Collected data
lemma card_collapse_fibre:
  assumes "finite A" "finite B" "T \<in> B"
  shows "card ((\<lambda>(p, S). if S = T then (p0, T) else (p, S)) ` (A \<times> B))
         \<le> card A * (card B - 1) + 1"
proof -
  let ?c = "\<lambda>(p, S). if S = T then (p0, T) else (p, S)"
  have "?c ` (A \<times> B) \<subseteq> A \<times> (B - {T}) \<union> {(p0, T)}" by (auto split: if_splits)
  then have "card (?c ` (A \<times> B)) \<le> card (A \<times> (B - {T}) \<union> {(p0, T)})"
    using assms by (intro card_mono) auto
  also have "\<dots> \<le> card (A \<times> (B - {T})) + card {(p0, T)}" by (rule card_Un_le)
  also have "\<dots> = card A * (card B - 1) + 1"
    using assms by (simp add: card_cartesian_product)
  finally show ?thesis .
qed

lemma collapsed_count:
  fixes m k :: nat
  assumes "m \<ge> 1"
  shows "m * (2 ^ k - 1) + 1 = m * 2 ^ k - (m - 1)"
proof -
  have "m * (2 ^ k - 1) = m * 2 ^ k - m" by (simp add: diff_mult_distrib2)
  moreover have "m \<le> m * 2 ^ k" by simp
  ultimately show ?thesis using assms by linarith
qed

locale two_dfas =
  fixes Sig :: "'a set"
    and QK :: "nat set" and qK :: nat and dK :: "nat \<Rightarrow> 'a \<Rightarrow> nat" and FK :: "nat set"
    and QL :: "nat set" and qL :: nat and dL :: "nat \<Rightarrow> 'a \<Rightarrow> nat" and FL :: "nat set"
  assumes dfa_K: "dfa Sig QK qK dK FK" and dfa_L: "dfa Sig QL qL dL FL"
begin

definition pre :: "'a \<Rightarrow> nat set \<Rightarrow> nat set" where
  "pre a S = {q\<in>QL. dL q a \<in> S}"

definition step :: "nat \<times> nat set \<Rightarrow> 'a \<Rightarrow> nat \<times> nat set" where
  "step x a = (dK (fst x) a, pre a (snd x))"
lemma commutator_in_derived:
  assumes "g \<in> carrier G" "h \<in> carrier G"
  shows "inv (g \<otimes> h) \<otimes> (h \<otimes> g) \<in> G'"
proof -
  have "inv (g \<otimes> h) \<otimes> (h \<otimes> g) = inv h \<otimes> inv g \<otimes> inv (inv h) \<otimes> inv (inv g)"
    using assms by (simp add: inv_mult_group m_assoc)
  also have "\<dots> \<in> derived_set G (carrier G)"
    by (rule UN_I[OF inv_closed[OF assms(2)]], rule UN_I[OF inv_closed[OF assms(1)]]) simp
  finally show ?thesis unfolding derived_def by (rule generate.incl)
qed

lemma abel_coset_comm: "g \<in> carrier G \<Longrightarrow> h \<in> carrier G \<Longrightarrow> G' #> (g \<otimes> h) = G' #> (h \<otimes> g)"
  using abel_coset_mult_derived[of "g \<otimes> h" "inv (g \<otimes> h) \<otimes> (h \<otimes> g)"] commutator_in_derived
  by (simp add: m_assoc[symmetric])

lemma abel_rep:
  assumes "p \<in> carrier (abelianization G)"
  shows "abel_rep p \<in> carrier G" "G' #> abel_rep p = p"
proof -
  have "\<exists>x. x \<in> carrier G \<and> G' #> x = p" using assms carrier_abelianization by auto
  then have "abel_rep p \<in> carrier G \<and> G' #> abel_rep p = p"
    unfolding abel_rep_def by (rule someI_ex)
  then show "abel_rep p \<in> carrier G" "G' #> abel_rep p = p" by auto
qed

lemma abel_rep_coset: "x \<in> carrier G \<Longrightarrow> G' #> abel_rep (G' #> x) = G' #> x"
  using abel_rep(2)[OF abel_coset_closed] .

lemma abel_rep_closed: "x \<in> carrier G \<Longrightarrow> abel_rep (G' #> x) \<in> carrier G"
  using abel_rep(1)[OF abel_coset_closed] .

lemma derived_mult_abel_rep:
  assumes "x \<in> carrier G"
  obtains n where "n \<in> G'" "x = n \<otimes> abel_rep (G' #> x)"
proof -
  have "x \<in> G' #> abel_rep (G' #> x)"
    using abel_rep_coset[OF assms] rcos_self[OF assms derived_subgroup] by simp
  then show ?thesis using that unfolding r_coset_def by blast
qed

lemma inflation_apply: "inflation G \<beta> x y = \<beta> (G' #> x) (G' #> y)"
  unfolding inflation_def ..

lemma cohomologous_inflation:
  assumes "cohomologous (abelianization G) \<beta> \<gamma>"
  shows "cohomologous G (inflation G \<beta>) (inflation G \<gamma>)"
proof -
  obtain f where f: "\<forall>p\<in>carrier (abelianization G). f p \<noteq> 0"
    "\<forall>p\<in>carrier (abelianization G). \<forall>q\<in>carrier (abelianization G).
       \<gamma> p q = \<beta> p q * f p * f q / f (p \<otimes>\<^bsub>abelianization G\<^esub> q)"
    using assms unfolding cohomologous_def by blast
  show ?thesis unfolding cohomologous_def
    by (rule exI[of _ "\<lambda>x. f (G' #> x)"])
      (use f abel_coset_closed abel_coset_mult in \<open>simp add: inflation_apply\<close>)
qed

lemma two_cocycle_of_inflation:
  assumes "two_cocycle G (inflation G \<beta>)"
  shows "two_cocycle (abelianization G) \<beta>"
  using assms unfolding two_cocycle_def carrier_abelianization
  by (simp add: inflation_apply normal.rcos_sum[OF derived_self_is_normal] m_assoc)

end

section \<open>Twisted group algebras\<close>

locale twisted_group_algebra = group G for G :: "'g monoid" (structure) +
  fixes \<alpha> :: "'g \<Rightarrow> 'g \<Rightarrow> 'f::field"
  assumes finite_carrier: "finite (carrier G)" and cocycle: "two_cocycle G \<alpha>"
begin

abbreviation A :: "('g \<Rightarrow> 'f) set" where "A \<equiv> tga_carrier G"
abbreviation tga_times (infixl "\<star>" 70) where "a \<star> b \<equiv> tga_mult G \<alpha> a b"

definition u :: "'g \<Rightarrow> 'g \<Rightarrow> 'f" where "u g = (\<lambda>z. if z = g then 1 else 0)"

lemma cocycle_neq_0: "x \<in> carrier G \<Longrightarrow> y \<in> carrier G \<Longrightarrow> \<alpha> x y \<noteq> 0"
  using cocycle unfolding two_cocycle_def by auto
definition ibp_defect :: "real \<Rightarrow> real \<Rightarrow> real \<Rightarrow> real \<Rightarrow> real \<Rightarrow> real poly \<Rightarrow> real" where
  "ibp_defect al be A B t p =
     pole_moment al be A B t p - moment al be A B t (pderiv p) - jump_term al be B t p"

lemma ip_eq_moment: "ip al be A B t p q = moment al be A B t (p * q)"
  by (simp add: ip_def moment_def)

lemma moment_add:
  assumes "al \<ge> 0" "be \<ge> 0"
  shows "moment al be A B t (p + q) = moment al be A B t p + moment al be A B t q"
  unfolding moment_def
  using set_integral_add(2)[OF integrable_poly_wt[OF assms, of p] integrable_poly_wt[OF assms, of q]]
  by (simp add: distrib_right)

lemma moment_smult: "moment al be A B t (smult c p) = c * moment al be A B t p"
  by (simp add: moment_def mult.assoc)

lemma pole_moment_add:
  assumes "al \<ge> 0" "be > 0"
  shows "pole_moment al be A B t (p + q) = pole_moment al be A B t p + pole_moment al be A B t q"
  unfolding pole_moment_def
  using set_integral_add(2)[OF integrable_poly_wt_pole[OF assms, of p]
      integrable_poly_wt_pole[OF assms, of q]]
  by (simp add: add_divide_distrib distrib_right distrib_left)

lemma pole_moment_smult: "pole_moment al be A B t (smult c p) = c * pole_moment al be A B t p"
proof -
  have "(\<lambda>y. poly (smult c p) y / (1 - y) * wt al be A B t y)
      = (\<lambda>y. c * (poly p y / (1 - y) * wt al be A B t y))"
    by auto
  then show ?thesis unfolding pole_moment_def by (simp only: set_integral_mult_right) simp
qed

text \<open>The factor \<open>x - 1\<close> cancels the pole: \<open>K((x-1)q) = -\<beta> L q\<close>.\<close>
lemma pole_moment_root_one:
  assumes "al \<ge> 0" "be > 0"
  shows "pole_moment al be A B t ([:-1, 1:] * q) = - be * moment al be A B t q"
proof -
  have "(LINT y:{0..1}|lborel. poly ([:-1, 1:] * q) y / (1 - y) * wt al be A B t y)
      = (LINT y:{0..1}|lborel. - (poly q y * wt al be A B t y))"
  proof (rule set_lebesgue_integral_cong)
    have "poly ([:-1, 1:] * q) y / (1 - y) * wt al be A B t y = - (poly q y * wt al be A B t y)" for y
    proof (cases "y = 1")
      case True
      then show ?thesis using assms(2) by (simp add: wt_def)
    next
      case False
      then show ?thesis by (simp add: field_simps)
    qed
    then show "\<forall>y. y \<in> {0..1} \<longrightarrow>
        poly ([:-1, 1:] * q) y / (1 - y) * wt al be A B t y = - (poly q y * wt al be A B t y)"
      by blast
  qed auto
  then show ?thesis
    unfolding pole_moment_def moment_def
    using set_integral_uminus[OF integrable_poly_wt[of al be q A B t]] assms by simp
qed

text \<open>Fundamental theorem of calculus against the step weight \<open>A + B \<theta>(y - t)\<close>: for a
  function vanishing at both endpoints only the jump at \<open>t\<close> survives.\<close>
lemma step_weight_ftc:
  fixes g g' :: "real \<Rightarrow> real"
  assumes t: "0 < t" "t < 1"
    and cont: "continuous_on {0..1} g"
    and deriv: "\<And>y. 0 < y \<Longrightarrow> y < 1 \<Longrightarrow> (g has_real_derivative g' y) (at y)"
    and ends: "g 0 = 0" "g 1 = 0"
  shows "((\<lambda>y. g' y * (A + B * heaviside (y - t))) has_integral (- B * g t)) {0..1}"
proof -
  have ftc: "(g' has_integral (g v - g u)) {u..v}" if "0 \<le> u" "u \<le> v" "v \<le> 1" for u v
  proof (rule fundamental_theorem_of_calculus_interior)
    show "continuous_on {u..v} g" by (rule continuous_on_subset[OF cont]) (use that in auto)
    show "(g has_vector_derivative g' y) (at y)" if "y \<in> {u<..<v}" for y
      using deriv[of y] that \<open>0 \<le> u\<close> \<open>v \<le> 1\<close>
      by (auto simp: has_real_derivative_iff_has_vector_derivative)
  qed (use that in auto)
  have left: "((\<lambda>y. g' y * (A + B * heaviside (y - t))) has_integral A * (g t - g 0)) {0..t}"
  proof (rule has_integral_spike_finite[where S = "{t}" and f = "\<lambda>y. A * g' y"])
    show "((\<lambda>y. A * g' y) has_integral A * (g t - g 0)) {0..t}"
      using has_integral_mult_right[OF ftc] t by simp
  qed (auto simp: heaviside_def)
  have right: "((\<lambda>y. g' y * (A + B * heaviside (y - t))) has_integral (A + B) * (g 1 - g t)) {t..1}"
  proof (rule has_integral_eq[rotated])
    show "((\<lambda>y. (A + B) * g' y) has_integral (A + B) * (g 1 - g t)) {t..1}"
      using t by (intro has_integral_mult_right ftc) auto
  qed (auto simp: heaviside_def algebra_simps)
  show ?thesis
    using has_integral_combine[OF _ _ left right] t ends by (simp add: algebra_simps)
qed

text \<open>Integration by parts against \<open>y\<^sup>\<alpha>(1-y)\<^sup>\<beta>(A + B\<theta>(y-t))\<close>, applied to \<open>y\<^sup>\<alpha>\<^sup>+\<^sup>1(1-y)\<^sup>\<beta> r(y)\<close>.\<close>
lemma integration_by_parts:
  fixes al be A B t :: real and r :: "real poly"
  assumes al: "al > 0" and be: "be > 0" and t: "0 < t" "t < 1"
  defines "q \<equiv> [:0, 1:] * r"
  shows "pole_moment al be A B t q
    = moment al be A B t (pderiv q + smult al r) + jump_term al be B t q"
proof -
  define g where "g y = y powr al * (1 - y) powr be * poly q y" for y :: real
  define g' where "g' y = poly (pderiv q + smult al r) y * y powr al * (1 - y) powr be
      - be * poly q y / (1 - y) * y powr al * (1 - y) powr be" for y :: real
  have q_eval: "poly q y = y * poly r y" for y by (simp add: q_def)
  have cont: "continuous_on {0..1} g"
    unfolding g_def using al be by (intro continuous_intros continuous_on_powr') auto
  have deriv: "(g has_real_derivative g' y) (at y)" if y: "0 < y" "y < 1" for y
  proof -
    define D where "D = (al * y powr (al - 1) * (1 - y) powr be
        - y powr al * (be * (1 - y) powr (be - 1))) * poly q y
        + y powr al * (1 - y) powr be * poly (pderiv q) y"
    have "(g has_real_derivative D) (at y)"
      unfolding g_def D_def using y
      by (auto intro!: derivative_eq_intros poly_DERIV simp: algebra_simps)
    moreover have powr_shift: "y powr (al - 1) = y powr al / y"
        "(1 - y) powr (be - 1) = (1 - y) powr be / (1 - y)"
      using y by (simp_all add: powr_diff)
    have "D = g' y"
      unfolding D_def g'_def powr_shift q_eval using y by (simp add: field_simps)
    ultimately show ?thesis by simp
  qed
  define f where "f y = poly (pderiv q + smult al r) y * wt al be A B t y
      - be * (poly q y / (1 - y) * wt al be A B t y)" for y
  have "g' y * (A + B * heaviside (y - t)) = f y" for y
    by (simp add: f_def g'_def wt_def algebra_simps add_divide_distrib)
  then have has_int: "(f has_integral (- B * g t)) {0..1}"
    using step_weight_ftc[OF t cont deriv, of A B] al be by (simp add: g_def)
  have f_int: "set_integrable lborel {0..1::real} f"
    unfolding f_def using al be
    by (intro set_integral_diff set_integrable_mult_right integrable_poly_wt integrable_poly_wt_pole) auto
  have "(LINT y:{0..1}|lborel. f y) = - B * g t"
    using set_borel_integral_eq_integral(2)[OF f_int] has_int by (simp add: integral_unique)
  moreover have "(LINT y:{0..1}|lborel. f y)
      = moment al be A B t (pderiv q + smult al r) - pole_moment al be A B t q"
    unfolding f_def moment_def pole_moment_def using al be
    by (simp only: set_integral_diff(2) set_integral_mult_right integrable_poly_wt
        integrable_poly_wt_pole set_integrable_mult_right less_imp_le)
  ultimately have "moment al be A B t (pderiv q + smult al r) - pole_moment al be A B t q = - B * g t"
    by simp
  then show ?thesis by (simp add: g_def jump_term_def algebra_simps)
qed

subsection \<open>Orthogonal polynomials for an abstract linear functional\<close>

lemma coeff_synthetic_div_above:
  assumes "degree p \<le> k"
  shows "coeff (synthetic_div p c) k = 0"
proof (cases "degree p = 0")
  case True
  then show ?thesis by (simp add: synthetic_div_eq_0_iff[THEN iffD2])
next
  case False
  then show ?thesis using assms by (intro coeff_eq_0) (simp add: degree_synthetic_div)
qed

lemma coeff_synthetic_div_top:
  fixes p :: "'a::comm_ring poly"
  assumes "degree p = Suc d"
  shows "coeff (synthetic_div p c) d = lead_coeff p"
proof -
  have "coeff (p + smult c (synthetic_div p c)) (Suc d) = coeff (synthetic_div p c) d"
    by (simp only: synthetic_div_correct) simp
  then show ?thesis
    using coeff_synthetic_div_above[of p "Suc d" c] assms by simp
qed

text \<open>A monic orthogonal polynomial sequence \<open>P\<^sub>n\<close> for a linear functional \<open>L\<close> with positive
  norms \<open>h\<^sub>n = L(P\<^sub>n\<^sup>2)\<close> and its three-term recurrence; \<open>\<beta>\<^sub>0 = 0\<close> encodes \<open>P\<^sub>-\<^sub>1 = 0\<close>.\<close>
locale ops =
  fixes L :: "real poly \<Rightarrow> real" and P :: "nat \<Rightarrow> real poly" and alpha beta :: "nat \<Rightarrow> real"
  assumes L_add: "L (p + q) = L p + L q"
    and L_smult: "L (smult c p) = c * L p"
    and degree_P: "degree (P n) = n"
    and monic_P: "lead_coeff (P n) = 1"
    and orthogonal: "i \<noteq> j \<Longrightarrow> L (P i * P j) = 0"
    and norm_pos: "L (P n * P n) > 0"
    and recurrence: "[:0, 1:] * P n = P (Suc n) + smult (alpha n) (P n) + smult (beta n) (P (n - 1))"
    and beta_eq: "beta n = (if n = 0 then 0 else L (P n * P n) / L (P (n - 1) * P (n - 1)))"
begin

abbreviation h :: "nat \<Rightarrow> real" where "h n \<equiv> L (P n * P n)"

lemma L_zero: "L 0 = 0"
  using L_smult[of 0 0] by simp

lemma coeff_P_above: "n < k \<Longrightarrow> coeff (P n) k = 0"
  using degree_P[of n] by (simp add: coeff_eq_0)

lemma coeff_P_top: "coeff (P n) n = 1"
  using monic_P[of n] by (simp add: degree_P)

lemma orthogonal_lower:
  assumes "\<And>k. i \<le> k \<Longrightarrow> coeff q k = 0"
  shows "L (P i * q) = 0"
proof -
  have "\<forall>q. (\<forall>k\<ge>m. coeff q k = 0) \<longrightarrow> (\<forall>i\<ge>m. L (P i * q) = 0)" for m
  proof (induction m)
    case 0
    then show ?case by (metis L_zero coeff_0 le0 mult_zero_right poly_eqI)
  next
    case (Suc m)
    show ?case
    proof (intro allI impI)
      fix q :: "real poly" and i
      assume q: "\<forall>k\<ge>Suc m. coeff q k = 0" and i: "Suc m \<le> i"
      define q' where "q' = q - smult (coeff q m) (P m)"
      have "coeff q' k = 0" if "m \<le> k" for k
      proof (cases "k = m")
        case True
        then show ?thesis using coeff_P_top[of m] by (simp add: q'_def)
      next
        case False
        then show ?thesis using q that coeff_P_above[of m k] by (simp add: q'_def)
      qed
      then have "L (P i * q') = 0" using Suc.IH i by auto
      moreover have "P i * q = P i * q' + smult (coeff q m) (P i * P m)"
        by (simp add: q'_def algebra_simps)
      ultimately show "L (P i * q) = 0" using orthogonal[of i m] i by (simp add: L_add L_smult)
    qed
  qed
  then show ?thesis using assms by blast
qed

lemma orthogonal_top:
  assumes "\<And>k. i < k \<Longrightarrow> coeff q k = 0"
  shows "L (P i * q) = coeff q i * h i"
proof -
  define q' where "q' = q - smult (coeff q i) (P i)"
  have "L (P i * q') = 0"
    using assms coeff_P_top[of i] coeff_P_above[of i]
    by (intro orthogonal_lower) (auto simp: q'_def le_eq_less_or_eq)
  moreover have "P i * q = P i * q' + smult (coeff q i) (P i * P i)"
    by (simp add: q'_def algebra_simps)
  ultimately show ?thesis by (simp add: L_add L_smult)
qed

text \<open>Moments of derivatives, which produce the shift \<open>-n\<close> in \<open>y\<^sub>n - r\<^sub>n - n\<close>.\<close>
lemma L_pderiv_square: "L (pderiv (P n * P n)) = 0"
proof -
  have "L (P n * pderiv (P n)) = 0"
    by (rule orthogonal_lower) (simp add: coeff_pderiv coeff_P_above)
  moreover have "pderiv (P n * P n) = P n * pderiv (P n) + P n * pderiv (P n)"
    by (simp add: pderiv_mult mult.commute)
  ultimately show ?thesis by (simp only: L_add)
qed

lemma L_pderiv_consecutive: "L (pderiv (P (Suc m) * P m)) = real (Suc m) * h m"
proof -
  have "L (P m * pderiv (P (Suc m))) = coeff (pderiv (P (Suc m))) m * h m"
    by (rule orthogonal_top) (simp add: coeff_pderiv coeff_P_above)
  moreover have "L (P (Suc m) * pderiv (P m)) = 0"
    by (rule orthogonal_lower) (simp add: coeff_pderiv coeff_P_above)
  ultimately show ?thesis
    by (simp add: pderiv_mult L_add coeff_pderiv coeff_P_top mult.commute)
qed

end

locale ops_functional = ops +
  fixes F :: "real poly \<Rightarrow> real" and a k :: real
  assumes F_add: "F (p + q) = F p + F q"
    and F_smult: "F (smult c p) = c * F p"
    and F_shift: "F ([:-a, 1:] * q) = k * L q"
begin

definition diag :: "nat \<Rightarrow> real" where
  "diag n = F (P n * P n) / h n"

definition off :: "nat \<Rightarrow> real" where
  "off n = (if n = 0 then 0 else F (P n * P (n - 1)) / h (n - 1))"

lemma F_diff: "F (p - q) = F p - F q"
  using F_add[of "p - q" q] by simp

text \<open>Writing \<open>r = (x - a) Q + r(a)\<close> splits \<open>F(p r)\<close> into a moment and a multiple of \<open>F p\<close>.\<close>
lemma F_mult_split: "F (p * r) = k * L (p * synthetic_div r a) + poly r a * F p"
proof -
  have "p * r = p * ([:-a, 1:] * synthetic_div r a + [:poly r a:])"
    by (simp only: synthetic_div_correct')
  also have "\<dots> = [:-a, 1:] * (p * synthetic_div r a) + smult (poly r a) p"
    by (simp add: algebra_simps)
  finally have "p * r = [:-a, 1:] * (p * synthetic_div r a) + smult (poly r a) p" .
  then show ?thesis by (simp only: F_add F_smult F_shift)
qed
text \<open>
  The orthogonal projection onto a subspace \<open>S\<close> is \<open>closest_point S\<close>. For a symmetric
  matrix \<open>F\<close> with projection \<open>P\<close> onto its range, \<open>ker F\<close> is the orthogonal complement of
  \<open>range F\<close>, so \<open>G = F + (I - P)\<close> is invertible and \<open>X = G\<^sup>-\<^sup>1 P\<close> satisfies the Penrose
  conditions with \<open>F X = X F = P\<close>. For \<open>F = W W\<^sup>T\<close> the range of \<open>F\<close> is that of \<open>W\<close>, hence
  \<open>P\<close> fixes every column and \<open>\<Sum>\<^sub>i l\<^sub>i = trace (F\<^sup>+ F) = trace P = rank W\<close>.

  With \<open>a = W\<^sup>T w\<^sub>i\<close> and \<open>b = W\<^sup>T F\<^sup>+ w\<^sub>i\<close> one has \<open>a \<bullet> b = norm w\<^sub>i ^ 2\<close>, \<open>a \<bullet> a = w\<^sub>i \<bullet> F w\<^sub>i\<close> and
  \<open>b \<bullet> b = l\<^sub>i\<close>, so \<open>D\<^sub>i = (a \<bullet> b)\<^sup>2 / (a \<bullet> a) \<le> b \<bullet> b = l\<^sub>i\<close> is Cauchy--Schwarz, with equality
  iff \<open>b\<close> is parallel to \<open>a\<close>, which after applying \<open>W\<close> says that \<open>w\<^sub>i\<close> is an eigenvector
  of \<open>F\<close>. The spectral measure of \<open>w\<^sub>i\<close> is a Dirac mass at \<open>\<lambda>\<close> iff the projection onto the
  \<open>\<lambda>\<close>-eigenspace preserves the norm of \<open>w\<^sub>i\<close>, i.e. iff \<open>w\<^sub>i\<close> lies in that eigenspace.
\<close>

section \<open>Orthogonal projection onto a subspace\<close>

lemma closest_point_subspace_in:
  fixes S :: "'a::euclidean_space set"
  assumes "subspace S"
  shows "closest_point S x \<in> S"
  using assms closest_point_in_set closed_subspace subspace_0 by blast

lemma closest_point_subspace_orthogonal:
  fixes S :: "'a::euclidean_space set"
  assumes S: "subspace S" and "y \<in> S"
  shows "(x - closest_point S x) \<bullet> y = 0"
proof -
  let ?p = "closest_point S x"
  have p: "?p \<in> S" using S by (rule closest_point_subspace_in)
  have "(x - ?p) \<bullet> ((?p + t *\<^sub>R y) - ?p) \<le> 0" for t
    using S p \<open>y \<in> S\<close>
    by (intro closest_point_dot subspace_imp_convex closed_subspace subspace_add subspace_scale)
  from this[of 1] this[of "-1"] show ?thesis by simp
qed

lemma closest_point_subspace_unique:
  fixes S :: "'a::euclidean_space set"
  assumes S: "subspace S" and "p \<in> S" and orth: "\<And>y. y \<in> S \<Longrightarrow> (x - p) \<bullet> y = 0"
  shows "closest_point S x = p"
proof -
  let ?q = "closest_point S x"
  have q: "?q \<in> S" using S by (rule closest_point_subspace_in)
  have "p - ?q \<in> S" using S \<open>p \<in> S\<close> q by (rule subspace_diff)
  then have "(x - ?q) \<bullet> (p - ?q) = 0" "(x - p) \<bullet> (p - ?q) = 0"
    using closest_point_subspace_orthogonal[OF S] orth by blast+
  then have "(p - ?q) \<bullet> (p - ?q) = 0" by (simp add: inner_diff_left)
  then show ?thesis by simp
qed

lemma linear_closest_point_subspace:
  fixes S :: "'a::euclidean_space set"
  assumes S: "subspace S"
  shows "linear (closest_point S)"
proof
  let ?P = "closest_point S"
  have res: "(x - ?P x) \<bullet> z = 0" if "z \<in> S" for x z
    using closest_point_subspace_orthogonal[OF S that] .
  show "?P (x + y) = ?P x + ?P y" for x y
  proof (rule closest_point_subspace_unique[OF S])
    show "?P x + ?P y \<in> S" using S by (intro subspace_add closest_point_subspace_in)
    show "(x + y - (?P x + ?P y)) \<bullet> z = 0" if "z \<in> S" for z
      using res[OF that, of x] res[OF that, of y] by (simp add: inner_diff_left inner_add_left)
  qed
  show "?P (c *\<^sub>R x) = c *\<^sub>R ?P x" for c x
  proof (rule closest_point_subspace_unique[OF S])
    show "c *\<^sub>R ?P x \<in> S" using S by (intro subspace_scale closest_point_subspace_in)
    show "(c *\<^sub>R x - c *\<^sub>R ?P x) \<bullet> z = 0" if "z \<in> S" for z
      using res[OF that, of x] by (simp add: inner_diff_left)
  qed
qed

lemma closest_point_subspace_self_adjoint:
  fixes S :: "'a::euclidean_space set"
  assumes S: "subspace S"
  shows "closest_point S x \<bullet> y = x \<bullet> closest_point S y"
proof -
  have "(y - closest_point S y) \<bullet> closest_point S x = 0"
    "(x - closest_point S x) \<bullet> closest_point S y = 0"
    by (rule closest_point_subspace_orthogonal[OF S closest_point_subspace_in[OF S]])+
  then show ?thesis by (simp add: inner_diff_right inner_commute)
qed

**Exercise prompt**
Your answer must be the lines from the one with "closest_point S y)" through the last line of the data, repeated exactly and with nothing else.

**Written reply**
  have "(y - closest_point S y) \<bullet> closest_point S x = 0"
    "(x - closest_point S x) \<bullet> closest_point S y = 0"
    by (rule closest_point_subspace_orthogonal[OF S closest_point_subspace_in[OF S]])+
  then show ?thesis by (simp add: inner_diff_right inner_commute)
qed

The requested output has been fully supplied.